Search the entries for the word "finally" and copy each line that has it.
_ _ _ _
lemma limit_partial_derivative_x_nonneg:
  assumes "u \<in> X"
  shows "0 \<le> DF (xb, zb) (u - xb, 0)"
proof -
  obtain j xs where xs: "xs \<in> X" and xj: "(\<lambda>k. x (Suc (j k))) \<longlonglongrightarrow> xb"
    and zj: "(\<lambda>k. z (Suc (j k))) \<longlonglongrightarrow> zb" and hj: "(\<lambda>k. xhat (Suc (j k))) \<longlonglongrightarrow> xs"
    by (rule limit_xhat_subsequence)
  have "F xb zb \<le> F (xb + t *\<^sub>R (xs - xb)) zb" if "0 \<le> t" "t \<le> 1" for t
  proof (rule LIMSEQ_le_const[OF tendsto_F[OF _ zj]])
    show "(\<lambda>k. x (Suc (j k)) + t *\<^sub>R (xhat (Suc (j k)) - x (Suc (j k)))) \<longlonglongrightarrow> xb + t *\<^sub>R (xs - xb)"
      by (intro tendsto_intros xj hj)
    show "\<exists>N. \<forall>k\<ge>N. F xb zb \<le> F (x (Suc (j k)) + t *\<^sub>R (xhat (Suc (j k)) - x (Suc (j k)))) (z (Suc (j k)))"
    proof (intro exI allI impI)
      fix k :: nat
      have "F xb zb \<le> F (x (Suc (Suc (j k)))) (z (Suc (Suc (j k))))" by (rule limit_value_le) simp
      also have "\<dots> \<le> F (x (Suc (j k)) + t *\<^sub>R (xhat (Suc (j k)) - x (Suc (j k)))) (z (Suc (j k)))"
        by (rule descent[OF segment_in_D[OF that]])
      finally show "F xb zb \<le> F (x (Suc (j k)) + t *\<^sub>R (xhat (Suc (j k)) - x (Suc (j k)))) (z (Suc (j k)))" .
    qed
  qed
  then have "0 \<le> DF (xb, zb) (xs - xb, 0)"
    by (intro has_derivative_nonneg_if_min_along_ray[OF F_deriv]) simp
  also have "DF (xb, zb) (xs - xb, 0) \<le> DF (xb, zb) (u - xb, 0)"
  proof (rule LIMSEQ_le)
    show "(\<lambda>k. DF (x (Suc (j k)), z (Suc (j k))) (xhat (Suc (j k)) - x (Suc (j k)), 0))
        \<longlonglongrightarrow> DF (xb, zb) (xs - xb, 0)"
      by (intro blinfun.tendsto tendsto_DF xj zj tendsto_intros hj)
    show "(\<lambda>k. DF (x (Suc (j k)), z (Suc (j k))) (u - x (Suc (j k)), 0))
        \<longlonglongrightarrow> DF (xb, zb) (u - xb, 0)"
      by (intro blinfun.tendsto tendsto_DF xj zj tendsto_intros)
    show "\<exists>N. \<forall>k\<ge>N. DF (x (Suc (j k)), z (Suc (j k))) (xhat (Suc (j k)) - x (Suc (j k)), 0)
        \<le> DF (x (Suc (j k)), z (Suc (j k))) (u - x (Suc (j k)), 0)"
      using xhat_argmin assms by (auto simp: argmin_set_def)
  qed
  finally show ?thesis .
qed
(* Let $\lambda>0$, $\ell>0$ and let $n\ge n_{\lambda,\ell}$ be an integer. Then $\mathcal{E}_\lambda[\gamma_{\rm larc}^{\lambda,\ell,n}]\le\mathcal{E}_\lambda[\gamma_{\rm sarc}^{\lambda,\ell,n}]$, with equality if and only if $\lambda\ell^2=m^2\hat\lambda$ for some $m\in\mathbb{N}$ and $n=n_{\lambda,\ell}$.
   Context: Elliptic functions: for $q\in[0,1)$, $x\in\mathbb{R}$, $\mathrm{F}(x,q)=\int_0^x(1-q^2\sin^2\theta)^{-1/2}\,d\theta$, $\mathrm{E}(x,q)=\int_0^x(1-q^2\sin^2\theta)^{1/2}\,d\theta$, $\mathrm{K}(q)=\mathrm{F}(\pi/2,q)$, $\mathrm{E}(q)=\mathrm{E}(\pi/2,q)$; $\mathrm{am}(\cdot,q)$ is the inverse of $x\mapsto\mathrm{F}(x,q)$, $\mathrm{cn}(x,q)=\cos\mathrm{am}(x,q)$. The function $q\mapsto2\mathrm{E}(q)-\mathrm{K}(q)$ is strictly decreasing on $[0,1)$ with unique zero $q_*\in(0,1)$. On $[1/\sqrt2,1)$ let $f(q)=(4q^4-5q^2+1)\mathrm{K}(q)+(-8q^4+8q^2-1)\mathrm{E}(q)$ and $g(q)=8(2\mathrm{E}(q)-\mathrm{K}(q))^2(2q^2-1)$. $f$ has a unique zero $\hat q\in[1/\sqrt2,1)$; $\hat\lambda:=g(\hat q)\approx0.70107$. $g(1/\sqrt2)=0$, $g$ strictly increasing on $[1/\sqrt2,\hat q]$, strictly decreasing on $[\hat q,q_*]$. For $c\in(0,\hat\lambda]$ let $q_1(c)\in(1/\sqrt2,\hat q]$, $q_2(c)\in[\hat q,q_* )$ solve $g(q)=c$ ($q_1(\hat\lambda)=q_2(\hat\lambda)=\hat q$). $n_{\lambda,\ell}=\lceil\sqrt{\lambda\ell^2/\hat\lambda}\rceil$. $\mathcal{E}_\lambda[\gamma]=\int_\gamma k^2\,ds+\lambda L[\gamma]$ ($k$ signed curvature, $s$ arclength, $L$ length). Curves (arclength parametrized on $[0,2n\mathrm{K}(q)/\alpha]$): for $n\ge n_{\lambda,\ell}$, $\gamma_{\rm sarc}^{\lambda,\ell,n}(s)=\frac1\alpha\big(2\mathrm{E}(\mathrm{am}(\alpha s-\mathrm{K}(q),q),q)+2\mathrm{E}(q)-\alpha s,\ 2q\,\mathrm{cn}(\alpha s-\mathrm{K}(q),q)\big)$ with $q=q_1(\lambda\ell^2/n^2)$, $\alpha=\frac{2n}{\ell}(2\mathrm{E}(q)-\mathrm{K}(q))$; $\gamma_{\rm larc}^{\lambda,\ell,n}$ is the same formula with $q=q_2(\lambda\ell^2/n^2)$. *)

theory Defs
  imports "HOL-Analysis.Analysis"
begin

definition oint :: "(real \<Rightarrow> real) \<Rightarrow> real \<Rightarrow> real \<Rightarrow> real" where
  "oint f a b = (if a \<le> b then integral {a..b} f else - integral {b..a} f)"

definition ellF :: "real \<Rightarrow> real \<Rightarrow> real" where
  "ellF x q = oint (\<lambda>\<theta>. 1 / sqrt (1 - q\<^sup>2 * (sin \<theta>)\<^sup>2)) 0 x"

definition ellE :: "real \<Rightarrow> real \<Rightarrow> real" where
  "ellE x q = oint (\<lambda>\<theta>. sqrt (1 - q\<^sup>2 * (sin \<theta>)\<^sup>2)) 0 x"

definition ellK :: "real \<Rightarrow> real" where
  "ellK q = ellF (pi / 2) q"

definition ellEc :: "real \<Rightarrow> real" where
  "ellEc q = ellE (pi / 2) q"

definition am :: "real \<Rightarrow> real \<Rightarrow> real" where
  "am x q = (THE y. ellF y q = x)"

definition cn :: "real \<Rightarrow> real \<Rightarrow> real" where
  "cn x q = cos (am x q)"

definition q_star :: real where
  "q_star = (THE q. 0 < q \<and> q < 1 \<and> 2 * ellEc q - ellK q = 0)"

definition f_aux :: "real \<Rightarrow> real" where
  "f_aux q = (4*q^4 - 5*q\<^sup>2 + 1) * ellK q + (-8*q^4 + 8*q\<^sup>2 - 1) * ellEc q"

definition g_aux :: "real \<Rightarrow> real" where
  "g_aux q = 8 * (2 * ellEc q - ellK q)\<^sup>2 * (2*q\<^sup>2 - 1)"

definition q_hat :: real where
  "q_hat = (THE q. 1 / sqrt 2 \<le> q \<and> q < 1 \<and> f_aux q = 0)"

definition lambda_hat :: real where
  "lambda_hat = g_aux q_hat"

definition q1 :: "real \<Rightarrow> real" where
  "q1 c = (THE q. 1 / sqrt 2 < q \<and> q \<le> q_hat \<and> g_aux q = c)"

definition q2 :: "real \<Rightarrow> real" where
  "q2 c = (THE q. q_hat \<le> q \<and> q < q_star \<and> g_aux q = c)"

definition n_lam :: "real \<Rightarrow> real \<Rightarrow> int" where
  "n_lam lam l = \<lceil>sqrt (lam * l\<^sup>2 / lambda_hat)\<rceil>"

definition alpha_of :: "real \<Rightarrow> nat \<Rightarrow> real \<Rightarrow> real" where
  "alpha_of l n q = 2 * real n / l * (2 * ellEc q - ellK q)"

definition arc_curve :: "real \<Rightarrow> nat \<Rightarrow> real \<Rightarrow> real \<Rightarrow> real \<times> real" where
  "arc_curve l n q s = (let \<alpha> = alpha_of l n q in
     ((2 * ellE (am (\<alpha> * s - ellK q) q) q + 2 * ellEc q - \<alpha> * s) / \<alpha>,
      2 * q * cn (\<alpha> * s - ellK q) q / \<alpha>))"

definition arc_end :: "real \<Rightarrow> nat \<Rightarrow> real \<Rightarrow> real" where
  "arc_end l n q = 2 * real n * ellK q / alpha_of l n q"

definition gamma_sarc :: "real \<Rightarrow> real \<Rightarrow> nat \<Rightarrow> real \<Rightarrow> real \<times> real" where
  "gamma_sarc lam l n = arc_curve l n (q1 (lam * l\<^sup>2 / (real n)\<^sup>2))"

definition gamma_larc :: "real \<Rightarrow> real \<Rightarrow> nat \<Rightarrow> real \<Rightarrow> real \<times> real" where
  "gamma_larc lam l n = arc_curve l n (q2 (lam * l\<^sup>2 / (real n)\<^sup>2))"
_ _ _ _
■ **ANSWER TO THIS PROBLEM**
      finally show "F xb zb \<le> F (x (Suc (j k)) + t *\<^sub>R (xhat (Suc (j k)) - x (Suc (j k)))) (z (Suc (j k)))" .
  finally show ?thesis .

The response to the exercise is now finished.